lemma crossing_edges_Min:
  assumes "e \<in> E" "e = {u, v}" "h u < h v"
  shows "e \<in> crossing_edges h E (Min (h ` e))"
  using assms Min_doubleton[of h u v] by (auto simp: crossing_edges_def)

lemma crossing_edges_Min_mono:
  assumes e': "e' \<in> crossing_edges h E t" and e: "e \<in> crossing_edges h E t"
    and le: "Min (h ` e') \<le> Min (h ` e)"
  shows "e' \<in> crossing_edges h E (Min (h ` e))"
proof -
  obtain p q where pq: "e' \<in> E" "e' = {p, q}" "h p \<le> t" "t < h q"
    using e' by (auto simp: crossing_edges_def)
  obtain u v where uv: "e = {u, v}" "h u \<le> t" "t < h v"
    using e by (auto simp: crossing_edges_def)
  have "Min (h ` e') = h p" "Min (h ` e) = h u" using pq uv Min_doubleton by auto
  then show ?thesis using pq uv le unfolding crossing_edges_def
    by (intro CollectI conjI exI[of _ p] exI[of _ q]) auto
qed

definition lane_colouring :: "('a \<Rightarrow> nat) \<Rightarrow> 'a set set \<Rightarrow> 'a set set \<Rightarrow> ('a set \<Rightarrow> bool) \<Rightarrow> bool" where
  "lane_colouring h E S lane \<longleftrightarrow> (\<forall>t. \<forall>e1\<in>crossing_edges h E t \<inter> S.
     \<forall>e2\<in>crossing_edges h E t \<inter> S. e1 \<noteq> e2 \<longrightarrow> lane e1 \<noteq> lane e2)"

lemma lane_colouring_insert:
  assumes lane: "lane_colouring h E S lane"
    and only_c: "\<And>e t. e \<in> S \<Longrightarrow> e \<noteq> x \<Longrightarrow> e \<in> crossing_edges h E t \<Longrightarrow>
        x \<in> crossing_edges h E t \<Longrightarrow> e = c"
  shows "lane_colouring h E (insert x S) (lane(x := \<not> lane c))"
  unfolding lane_colouring_def
proof (intro allI ballI impI)
  fix t e1 e2
  assume e: "e1 \<in> crossing_edges h E t \<inter> insert x S" "e2 \<in> crossing_edges h E t \<inter> insert x S"
    "e1 \<noteq> e2"
  show "(lane(x := \<not> lane c)) e1 \<noteq> (lane(x := \<not> lane c)) e2"
  proof (cases "e1 = x \<or> e2 = x")
    case True
    then consider "e1 = x" "e2 \<in> S" "e2 \<noteq> x" | "e2 = x" "e1 \<in> S" "e1 \<noteq> x"
      using e by blast
    then show ?thesis
    proof cases
      case 1
      then have "e2 = c" using only_c e by blast
      then show ?thesis using 1 by simp
    next
      case 2
      then have "e1 = c" using only_c e by blast
      then show ?thesis using 2 by simp
    qed
  next
    case False
    then show ?thesis using e lane unfolding lane_colouring_def by auto
  qed
qed

lemma crossing_edges_two_colouring:
  assumes finE: "finite E" and oriented: "\<forall>e\<in>E. \<exists>u v. e = {u, v} \<and> h u < h v"
    and width: "\<forall>t. card (crossing_edges h E t) \<le> 2"
  shows "\<exists>lane :: 'a set \<Rightarrow> bool. \<forall>t. \<forall>e1\<in>crossing_edges h E t. \<forall>e2\<in>crossing_edges h E t.
           e1 \<noteq> e2 \<longrightarrow> lane e1 \<noteq> lane e2"
proof -
  have "S \<subseteq> E \<longrightarrow> (\<exists>lane. lane_colouring h E S lane)" if "finite S" for S
    using that
  proof (induction S rule: finite_ranking_induct[where f = "\<lambda>e. Min (h ` e)"])
    case (insert x S)
    show ?case
    proof
      assume sub: "insert x S \<subseteq> E"
      then obtain lane where lane: "lane_colouring h E S lane" using insert.IH by blast
      txt \<open>Edges are added by increasing left end, so every earlier edge sharing a cut with x
        crosses the cut at the left end of x, where x leaves room for just one other edge.\<close>
      define D where "D = crossing_edges h E (Min (h ` x)) - {x}"
      have "x \<in> E" using sub by simp
      then obtain u v where "x = {u, v}" "h u < h v" using oriented by blast
      then have "x \<in> crossing_edges h E (Min (h ` x))"
        using crossing_edges_Min[OF \<open>x \<in> E\<close>] by blast
      then have "card D \<le> 1"
        using width[rule_format, of "Min (h ` x)"] finite_crossing_edges[OF finE]
        by (simp add: D_def card_Diff_singleton le_diff_conv)
      moreover have "finite D" using finite_crossing_edges[OF finE] by (simp add: D_def)
      ultimately obtain c where "D \<subseteq> {c}" using subset_singleton_if_card_le_1 by blast
      then have "e = c"
        if "e \<in> S" "e \<noteq> x" "e \<in> crossing_edges h E t" "x \<in> crossing_edges h E t" for e t
        using crossing_edges_Min_mono[OF that(3,4) insert.hyps(2)[OF that(1)]] that(2)
        unfolding D_def by blast
      then have "lane_colouring h E (insert x S) (lane(x := \<not> lane c))"
        by (rule lane_colouring_insert[OF lane])
      then show "\<exists>lane. lane_colouring h E (insert x S) lane" by blast
    qed
  qed (auto simp: lane_colouring_def)
  then obtain lane where "lane_colouring h E E lane" using finE by blast
  moreover have "crossing_edges h E t \<inter> E = crossing_edges h E t" for t
    by (auto simp: crossing_edges_def)
  ultimately show ?thesis unfolding lane_colouring_def by metis
qed

definition passes :: "('a \<Rightarrow> nat) \<Rightarrow> 'a set \<Rightarrow> 'a \<Rightarrow> bool" where
  "passes h e w \<longleftrightarrow> (\<exists>u v. e = {u, v} \<and> h u < h w \<and> h w < h v)"

lemma passing_edge_unique:
  assumes h: "width2_layout h V E" and sub: "\<forall>e\<in>E. e \<subseteq> V \<and> card e = 2"
    and w: "e0 \<in> E" "w \<in> e0"
    and e: "e1 \<in> E" "e2 \<in> E" "passes h e1 w" "passes h e2 w"
  shows "e1 = e2"
proof (rule ccontr)
  assume ne: "e1 \<noteq> e2"
  obtain z where z: "e0 = {w, z}" "z \<noteq> w"
    using sub w by (metis card_2_iff insert_commute insertE singletonD)
  have "w \<in> V" "z \<in> V" using sub w z by auto
  then have "h z \<noteq> h w" using h z(2) by (auto simp: width2_layout_def dest: inj_onD)
  define t where "t = (if h w < h z then h w else h w - 1)"
  have "e0 \<in> crossing_edges h E t"
  proof (cases "h w < h z")
    case True
    then show ?thesis using w z unfolding crossing_edges_def t_def
      by (intro CollectI conjI exI[of _ w] exI[of _ z]) auto
  next
    case False
    then show ?thesis using w z \<open>h z \<noteq> h w\<close> unfolding crossing_edges_def t_def
      by (intro CollectI conjI exI[of _ z] exI[of _ w]) (auto simp: insert_commute)
  qed
  moreover have "e \<in> crossing_edges h E t" if "e \<in> E" "passes h e w" for e
    using that unfolding crossing_edges_def passes_def t_def by fastforce
  ultimately have "card {e0, e1, e2} \<le> 2" using e by (intro card_crossing_edges_le[OF h]) auto
  have "w \<notin> e1" "w \<notin> e2" using e(3,4) by (auto simp: passes_def)
  then have "e0 \<noteq> e1" "e0 \<noteq> e2" using w by auto
  then have "card {e0, e1, e2} = 3" using ne by simp
  with \<open>card {e0, e1, e2} \<le> 2\<close> show False by simp
qed

lemma width2_layout_isolated_last:
  assumes f: "width2_layout f V E" and fin: "finite V" and sub: "\<forall>e\<in>E. e \<subseteq> V"
  obtains h where "width2_layout h V E"
    and "\<And>w e. w \<in> V \<Longrightarrow> e \<in> E \<Longrightarrow> passes h e w \<Longrightarrow> \<exists>e0\<in>E. w \<in> e0"
proof
  define N where "N = Suc (Max (insert 0 (f ` V)))"
  define h where "h v = (if \<exists>e\<in>E. v \<in> e then f v else N + f v)" for v
  have f_less: "f v < N" if "v \<in> V" for v
    using fin that by (simp add: N_def le_imp_less_Suc)
  have h_edge: "h v = f v" if "e \<in> E" "v \<in> e" for e v
    using that by (auto simp: h_def)
  have "crossing_edges h E t = crossing_edges f E t" for t
    using h_edge by (intro crossing_edges_cong[where V = "\<Union>E"]) auto
  moreover have "inj_on h V"
  proof (rule inj_onI)
    fix a b assume ab: "a \<in> V" "b \<in> V" "h a = h b"
    have "h v < N \<longleftrightarrow> (\<exists>e\<in>E. v \<in> e)" if "v \<in> V" for v
      using f_less[OF that] by (auto simp: h_def)
    then have "(\<exists>e\<in>E. a \<in> e) \<longleftrightarrow> (\<exists>e\<in>E. b \<in> e)" using ab by metis
    then have "f a = f b" using ab(3) by (auto simp: h_def split: if_splits)
    then show "a = b" using ab f by (auto simp: width2_layout_def dest: inj_onD)
  qed
  ultimately show "width2_layout h V E" using f by (simp add: width2_layout_def)
  show "\<exists>e0\<in>E. w \<in> e0" if e: "e \<in> E" "passes h e w" for w e
  proof (rule ccontr)
    assume "\<not> (\<exists>e0\<in>E. w \<in> e0)"
    then have "N \<le> h w" by (simp add: h_def)
    moreover obtain u v where "e = {u, v}" "h w < h v" using e(2) by (auto simp: passes_def)
    then have "h w < f v" "v \<in> V" using h_edge[OF e(1)] sub e(1) by auto
    ultimately show False using f_less by fastforce
  qed
qed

########

Check the data for lines with "CollectI" and give only their number.

3